* _Exercise requirements_: Copy every line of the records below where the word "trivial" occurs.

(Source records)
+===+

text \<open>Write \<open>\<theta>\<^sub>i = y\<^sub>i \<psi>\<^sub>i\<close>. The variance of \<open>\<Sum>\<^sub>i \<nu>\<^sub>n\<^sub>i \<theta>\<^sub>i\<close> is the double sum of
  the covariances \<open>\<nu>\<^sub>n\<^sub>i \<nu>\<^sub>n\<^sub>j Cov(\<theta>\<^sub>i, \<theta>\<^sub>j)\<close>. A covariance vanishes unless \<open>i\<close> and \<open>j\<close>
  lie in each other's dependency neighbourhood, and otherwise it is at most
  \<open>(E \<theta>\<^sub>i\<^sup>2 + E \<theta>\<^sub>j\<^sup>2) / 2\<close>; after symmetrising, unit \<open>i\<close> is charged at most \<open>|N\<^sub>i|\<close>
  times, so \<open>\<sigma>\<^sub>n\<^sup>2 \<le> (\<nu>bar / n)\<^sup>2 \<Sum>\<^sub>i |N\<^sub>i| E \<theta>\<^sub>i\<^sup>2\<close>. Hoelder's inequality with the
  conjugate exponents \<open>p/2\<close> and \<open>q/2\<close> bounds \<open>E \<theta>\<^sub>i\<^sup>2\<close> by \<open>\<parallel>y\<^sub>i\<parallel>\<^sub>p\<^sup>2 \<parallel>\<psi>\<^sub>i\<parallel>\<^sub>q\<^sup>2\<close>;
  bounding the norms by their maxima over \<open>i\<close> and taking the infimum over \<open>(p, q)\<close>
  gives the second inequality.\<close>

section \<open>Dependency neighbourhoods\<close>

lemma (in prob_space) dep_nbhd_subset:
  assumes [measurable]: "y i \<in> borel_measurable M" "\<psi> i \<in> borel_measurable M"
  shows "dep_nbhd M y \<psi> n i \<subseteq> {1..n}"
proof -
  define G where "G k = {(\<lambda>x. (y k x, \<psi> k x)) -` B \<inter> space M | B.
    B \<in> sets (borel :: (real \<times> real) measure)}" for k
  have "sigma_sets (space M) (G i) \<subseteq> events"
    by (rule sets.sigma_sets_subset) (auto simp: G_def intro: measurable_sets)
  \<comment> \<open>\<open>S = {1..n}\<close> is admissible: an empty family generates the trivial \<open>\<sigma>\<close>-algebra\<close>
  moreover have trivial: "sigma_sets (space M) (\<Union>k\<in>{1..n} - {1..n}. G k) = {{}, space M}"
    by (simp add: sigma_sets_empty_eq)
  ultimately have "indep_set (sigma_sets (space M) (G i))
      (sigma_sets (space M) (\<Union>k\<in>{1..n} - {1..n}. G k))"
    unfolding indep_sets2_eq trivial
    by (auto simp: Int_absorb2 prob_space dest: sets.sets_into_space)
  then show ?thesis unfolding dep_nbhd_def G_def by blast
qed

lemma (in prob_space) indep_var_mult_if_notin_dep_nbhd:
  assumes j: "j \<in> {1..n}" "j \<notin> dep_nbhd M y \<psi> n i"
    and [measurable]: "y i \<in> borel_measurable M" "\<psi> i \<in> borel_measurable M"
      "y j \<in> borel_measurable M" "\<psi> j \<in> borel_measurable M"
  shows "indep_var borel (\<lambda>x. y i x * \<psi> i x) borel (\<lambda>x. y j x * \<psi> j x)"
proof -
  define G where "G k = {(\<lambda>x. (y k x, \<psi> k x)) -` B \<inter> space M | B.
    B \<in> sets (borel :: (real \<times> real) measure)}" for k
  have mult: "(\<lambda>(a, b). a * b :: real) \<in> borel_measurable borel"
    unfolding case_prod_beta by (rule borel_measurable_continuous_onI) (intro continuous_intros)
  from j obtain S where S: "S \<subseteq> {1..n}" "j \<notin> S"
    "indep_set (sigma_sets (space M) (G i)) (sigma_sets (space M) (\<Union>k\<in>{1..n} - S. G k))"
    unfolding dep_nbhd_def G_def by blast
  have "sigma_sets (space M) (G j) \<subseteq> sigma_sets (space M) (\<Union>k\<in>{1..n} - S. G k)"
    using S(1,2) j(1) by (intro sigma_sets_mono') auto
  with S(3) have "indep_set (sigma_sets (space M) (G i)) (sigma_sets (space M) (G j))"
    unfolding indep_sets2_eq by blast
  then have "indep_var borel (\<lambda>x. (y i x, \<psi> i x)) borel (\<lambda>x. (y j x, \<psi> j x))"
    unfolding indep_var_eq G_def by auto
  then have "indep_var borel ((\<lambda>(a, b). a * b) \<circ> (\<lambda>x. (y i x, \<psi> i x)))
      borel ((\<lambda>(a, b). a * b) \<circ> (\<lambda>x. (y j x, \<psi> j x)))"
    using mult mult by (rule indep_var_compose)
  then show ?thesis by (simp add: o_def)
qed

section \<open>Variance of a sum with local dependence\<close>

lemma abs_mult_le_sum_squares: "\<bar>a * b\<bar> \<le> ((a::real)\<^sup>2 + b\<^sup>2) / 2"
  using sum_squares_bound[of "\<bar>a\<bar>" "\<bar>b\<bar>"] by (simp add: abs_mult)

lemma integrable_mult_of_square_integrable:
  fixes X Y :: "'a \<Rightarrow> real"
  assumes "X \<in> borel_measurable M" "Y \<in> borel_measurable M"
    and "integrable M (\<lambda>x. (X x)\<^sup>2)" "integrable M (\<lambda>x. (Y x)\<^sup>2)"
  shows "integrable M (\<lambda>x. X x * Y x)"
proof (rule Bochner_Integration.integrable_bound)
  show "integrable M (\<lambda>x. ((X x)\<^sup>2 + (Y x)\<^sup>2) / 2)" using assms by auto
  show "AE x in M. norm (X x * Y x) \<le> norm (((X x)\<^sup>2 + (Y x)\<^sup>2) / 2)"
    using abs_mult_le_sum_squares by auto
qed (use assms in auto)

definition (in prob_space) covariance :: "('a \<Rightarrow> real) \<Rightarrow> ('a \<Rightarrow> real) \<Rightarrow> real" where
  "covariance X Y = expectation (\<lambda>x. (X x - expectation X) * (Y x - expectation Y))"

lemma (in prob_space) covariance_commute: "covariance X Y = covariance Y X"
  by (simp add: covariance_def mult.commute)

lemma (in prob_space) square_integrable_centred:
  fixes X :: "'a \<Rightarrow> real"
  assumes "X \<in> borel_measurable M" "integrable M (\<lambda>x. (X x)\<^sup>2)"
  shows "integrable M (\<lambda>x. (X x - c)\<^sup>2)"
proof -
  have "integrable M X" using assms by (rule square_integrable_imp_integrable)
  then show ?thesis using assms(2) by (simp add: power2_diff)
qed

+===+

* _Written solution_:
  \<comment> \<open>\<open>S = {1..n}\<close> is admissible: an empty family generates the trivial \<open>\<sigma>\<close>-algebra\<close>
  moreover have trivial: "sigma_sets (space M) (\<Union>k\<in>{1..n} - {1..n}. G k) = {{}, space M}"
    unfolding indep_sets2_eq trivial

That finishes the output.